Zacks Equity Research

Strange but true: seniors fear death less than running out of money in retirement.

And unfortunately, even retirees who have built a nest egg have good reason to be concerned - with the traditional approaches to retirement planning, income may no longer cover expenses. That means retirees are dipping into principal to make ends meet, setting up a race against time between dwindling investment balances and longer lifespans.

Retirement investing approaches of the past don't work today.

For many years, bonds or other fixed-income assets could produce the yield needed to provide solid income for retirement needs. However, these yields have dwindled over time: 10-year Treasury bond rates in the late 1990s were around 6.50%, but today, that rate is a thing of the past, with a slim likelihood of rates making a comeback in the foreseeable future.

The effect of this drop in rates is substantial: over 20 years, the change in yield for a $1 million investment in 10-year Treasuries is over $1 million.

And lower bond yields aren't the only potential problem seniors are facing. Today's retirees aren't feeling as secure as they once did about Social Security, either. Benefit checks will still be coming for the foreseeable future, but based on current estimates, Social Security funds will run out of money in 2035.

Unfortunately, it looks like the two traditional sources of retirement income - bonds and Social Security - may not be able to adequately meet the needs of present and future retirees. But what if there was another option that could provide a steady, reliable source of income in retirement?

Invest in Dividend Stocks

Dividend-paying stocks from low-risk, high-quality companies are a smart way to generate steady and reliable attractive income streams to replace current low risk, low yielding Treasury and bond options.

For example, AT&T and Coca-Cola are income stocks with attractive dividend yields of 3% or better. Look for stocks like this that have paid steady, increasing dividends for years (or decades), and have not cut their dividends even during recessions.

A rule of thumb for finding solid income-producing stocks is to seek those that average 3% dividend yield, and positive yearly dividend growth. These stocks can help combat inflation by boosting dividends over time.

Here are three dividend-paying stocks retirees should consider for their nest egg portfolio.

Brinker International (EAT) is currently shelling out a dividend of $0.38 per share, with a dividend yield of 3.45%. This compares to the Retail - Restaurants industry's yield of 0% and the S&P 500's yield of 1.8%. In terms of dividend growth, the company's current annualized dividend of $1.52 is flat compared to last year.

Exelon (EXC) is paying out a dividend of 0.36 per share at the moment, with a dividend yield of 3.29% compared to the Utility - Electric Power industry's yield of 2.99% and the S&P 500's yield. Taking a look at the company's dividend growth, its current annualized dividend of $1.45 is up 5.07% from last year.

Currently paying a dividend of 0.27 per share, Federated Investors (FII) has a dividend yield of 3.23%. This is compared to the Financial - Investment Management industry's yield of 2.37% and the S&P 500's current yield.
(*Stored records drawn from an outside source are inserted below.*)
lemma optimal_state_laws_shift_kernel:
  assumes "\<omega> - \<tau> \<in> E"
    and opt: "optimal_state_laws M F B \<sigma> \<beta> \<kappa> \<mu> (\<omega> - \<tau>) (\<lambda>t. K t (\<omega> - \<tau>))"
    and K: "\<And>t. t \<ge> 0 \<Longrightarrow> is_prob_torus (K t (\<omega> - \<tau>))"
    and sets_\<mu>: "\<And>t. t \<ge> 0 \<Longrightarrow> sets (\<mu> t) = sets borel"
  shows "(\<forall>t\<ge>0. is_prob_torus (shift_kernel E (\<theta> + \<tau> * t) \<tau> (K t) \<omega>)) \<and>
    optimal_state_laws M F B \<sigma> \<beta> \<kappa> (\<lambda>t. distr (\<mu> t) borel (rot (\<theta> + \<tau> * t) \<tau>)) \<omega>
      (\<lambda>t. shift_kernel E (\<theta> + \<tau> * t) \<tau> (K t) \<omega>)"
proof -
  have "optimal_state_laws M F B \<sigma> \<beta> \<kappa> (\<lambda>t. distr (\<mu> t) borel (rot (\<theta> + \<tau> * t) \<tau>)) (\<omega> - \<tau> + \<tau>)
      (\<lambda>t. distr (K t (\<omega> - \<tau>)) borel (\<lambda>x. wrap (x + (\<theta> + \<tau> * t))))"
    using K by (intro optimal_state_laws_shift[OF opt sets_\<mu>]) (simp_all add: is_prob_torus_def)
  with assms show ?thesis
    by (simp add: shift_kernel_def is_prob_torus_distr_wrap_add)
qed

lemma disintegration_shift:
  assumes dis: "disintegration \<mu> g K"
    and sets_\<mu>: "sets \<mu> = sets borel" and sets_g: "sets g = sets borel"
    and E: "E \<in> sets borel" "AE \<omega> in g. \<omega> \<in> E"
    and sets_K: "\<And>\<omega>. \<omega> \<in> E \<Longrightarrow> sets (K \<omega>) = sets borel"
  shows "disintegration (distr \<mu> borel (rot c \<tau>)) (distr g borel (transl \<tau>)) (shift_kernel E c \<tau> K)"
    (is "disintegration ?\<mu> ?g ?K")
proof -
  let ?h = "\<lambda>x. wrap (x + c)"
  have vimage_h: "?h -` A \<in> sets borel" if "A \<in> sets borel" for A
    using that by (intro measurable_sets_borel) simp_all
  have vimage_transl: "transl \<tau> -` C \<in> sets borel" if "C \<in> sets borel" for C
    using that by (intro measurable_sets_borel) simp_all
  have emeasure_K: "emeasure (?K \<omega>) A = (if \<omega> - \<tau> \<in> E then emeasure (K (\<omega> - \<tau>)) (?h -` A) else 0)"
    if "A \<in> sets borel" for \<omega> A
  proof (cases "\<omega> - \<tau> \<in> E")
    case True
    then have "?h \<in> measurable (K (\<omega> - \<tau>)) borel" "space (K (\<omega> - \<tau>)) = UNIV"
      using sets_K[OF True] by (simp, metis sets_eq_imp_space_eq space_borel)
    with True that show ?thesis
      by (simp add: shift_kernel_def emeasure_distr)
  qed (simp add: shift_kernel_def)
  have measurable_K: "(\<lambda>\<omega>. emeasure (?K \<omega>) A) \<in> borel_measurable borel" if A: "A \<in> sets borel" for A
  proof -
    have "(\<lambda>\<omega>. emeasure (K \<omega>) (?h -` A)) \<in> borel_measurable borel"
      using dis vimage_h[OF A] by (simp add: disintegration_def)
    moreover have "Measurable.pred borel (\<lambda>\<omega>. \<omega> - \<tau> \<in> E)"
      using E(1) by measurable
    ultimately show ?thesis
      unfolding emeasure_K[OF A] by measurable
  qed
  have "emeasure ?\<mu> (A \<times> C) = (\<integral>\<^sup>+ \<omega>\<in>C. emeasure (?K \<omega>) A \<partial>?g)"
    if A: "A \<in> sets borel" and C: "C \<in> sets borel" for A C
  proof -
    have "A \<times> C \<in> sets (borel :: (real \<times> real) measure)"
      unfolding borel_prod[symmetric] using A C by simp
    then have "emeasure ?\<mu> (A \<times> C) = emeasure \<mu> (?h -` A \<times> transl \<tau> -` C)"
      using sets_\<mu> by (simp add: emeasure_distr vimage_rot_Times sets_eq_imp_space_eq[OF sets_\<mu>])
    also have "\<dots> = (\<integral>\<^sup>+ \<omega>\<in>transl \<tau> -` C. emeasure (K \<omega>) (?h -` A) \<partial>g)"
      using dis vimage_h[OF A] vimage_transl[OF C] by (simp add: disintegration_def)
    also have "\<dots> = (\<integral>\<^sup>+ \<omega>. emeasure (?K (transl \<tau> \<omega>)) A * indicator C (transl \<tau> \<omega>) \<partial>g)"
    proof (rule nn_integral_cong_AE)
      show "AE \<omega> in g. emeasure (K \<omega>) (?h -` A) * indicator (transl \<tau> -` C) \<omega>
          = emeasure (?K (transl \<tau> \<omega>)) A * indicator C (transl \<tau> \<omega>)"
        using E(2)
      proof eventually_elim
        case (elim \<omega>)
        then show ?case
          using emeasure_K[OF A, of "transl \<tau> \<omega>"] by (simp add: transl_def indicator_def)
      qed
    qed
    also have "\<dots> = (\<integral>\<^sup>+ \<omega>\<in>C. emeasure (?K \<omega>) A \<partial>?g)"
      using measurable_K[OF A] C sets_g by (simp add: nn_integral_distr)
    finally show ?thesis .
  qed
  with measurable_K show ?thesis
    by (simp add: disintegration_def)
qed

theorem lemma2p2:
  fixes M :: "'a measure" and F :: "real \<Rightarrow> 'a measure" and B :: "real \<Rightarrow> 'a \<Rightarrow> real"
    and \<sigma> \<beta> \<kappa> \<theta> \<tau> :: real and g :: "real measure"
    and \<mu> :: "real \<Rightarrow> (real \<times> real) measure"
  assumes "filtered_bm_space M F B"
    and "\<sigma> > 0" and "\<beta> > 0" and "\<kappa> \<ge> 0"
    and "prob_space g" and "sets g = sets borel" and "integrable g (\<lambda>w. w)"
    and "\<theta> \<in> torus_set"
    and "mfg_solution M F B \<sigma> \<beta> \<kappa> g \<mu>"
  shows "mfg_solution M F B \<sigma> \<beta> \<kappa> (distr g borel (transl \<tau>))
           (\<lambda>t. distr (\<mu> t) borel (rot (\<theta> + \<tau> * t) \<tau>))"
proof -
  obtain K E where marginals: "\<And>t. t \<ge> 0 \<Longrightarrow> is_prob_torus_real (\<mu> t) \<and> distr (\<mu> t) borel snd = g"
    and E: "E \<in> sets borel" "emeasure g E = 1"
    and dis: "\<And>t. t \<ge> 0 \<Longrightarrow> disintegration (\<mu> t) g (K t)"
    and K: "\<And>\<omega> t. \<omega> \<in> E \<Longrightarrow> t \<ge> 0 \<Longrightarrow> is_prob_torus (K t \<omega>)"
    and opt: "\<And>\<omega>. \<omega> \<in> E \<Longrightarrow> optimal_state_laws M F B \<sigma> \<beta> \<kappa> \<mu> \<omega> (\<lambda>t. K t \<omega>)"
    using assms(9) unfolding mfg_solution_iff by metis
  have sets_\<mu>: "\<And>t. t \<ge> 0 \<Longrightarrow> sets (\<mu> t) = sets borel"
    using marginals by (simp add: is_prob_torus_real_def)
  have AE_E: "AE \<omega> in g. \<omega> \<in> E"
    using prob_space.AE_prob_1[OF assms(5), of E] E(2) by (simp add: measure_def)
  define E' where "E' = (\<lambda>\<omega>. \<omega> - \<tau>) -` E"
  have E': "E' \<in> sets borel" "emeasure (distr g borel (transl \<tau>)) E' = 1"
    using E assms(6) by (simp_all add: E'_def emeasure_distr measurable_sets_borel transl_def
        vimage_def sets_eq_imp_space_eq[OF assms(6)])
  define \<mu>' where "\<mu>' t = distr (\<mu> t) borel (rot (\<theta> + \<tau> * t) \<tau>)" for t
  define K' where "K' t = shift_kernel E (\<theta> + \<tau> * t) \<tau> (K t)" for t
  have "is_prob_torus_real (\<mu>' t)" "distr (\<mu>' t) borel snd = distr g borel (transl \<tau>)"
    "disintegration (\<mu>' t) (distr g borel (transl \<tau>)) (K' t)" if "t \<ge> 0" for t
    using marginals[OF that] sets_\<mu>[OF that] dis[OF that] K[OF _ that] AE_E E(1) assms(6)
    unfolding \<mu>'_def K'_def
    by (simp_all add: is_prob_torus_real_distr_rot distr_snd_distr_rot disintegration_shift is_prob_torus_def)
  moreover have "(\<forall>t\<ge>0. is_prob_torus (K' t \<omega>)) \<and> optimal_state_laws M F B \<sigma> \<beta> \<kappa> \<mu>' \<omega> (\<lambda>t. K' t \<omega>)"
    if "\<omega> \<in> E'" for \<omega>
    using that opt K sets_\<mu> unfolding E'_def \<mu>'_def K'_def
    by (intro optimal_state_laws_shift_kernel) auto
  ultimately show ?thesis
    unfolding mfg_solution_iff \<mu>'_def[symmetric] using E'
    by (intro conjI exI[of _ K'] bexI[OF _ E'(1)]) auto
qed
Looking at dividend growth, the company's current annualized dividend of $1.08 is flat compared to last year.

But aren't stocks generally more risky than bonds?

The fact is that stocks, as an asset class, carry more risk than bonds. To counterbalance this, invest in superior quality dividend stocks that not only can grow over time but more significantly, can also decrease your overall portfolio volatility with respect to the broader stock market.

A silver lining to owning dividend stocks for your retirement portfolio is that many companies, especially blue chip stocks, increase their dividends over time, helping offset the effects of inflation on your potential retirement income.

Thinking about dividend-focused mutual funds or ETFs? Watch out for fees.

If you prefer investing in funds or ETFs compared to individual stocks, you can still pursue a dividend income strategy. However, it's important to know the fees charged by each fund or ETF, which can ultimately reduce your dividend income, working against your strategy. Do your homework and make sure you know the fees charged by any fund before you invest.

Bottom Line

Whether you select high-quality, low-fee funds or stocks, seeking the steady income of dividend-paying equities can potentially offer you a path to a better and more stress-free retirement.

Generating income is just one aspect of planning for a comfortable retirement.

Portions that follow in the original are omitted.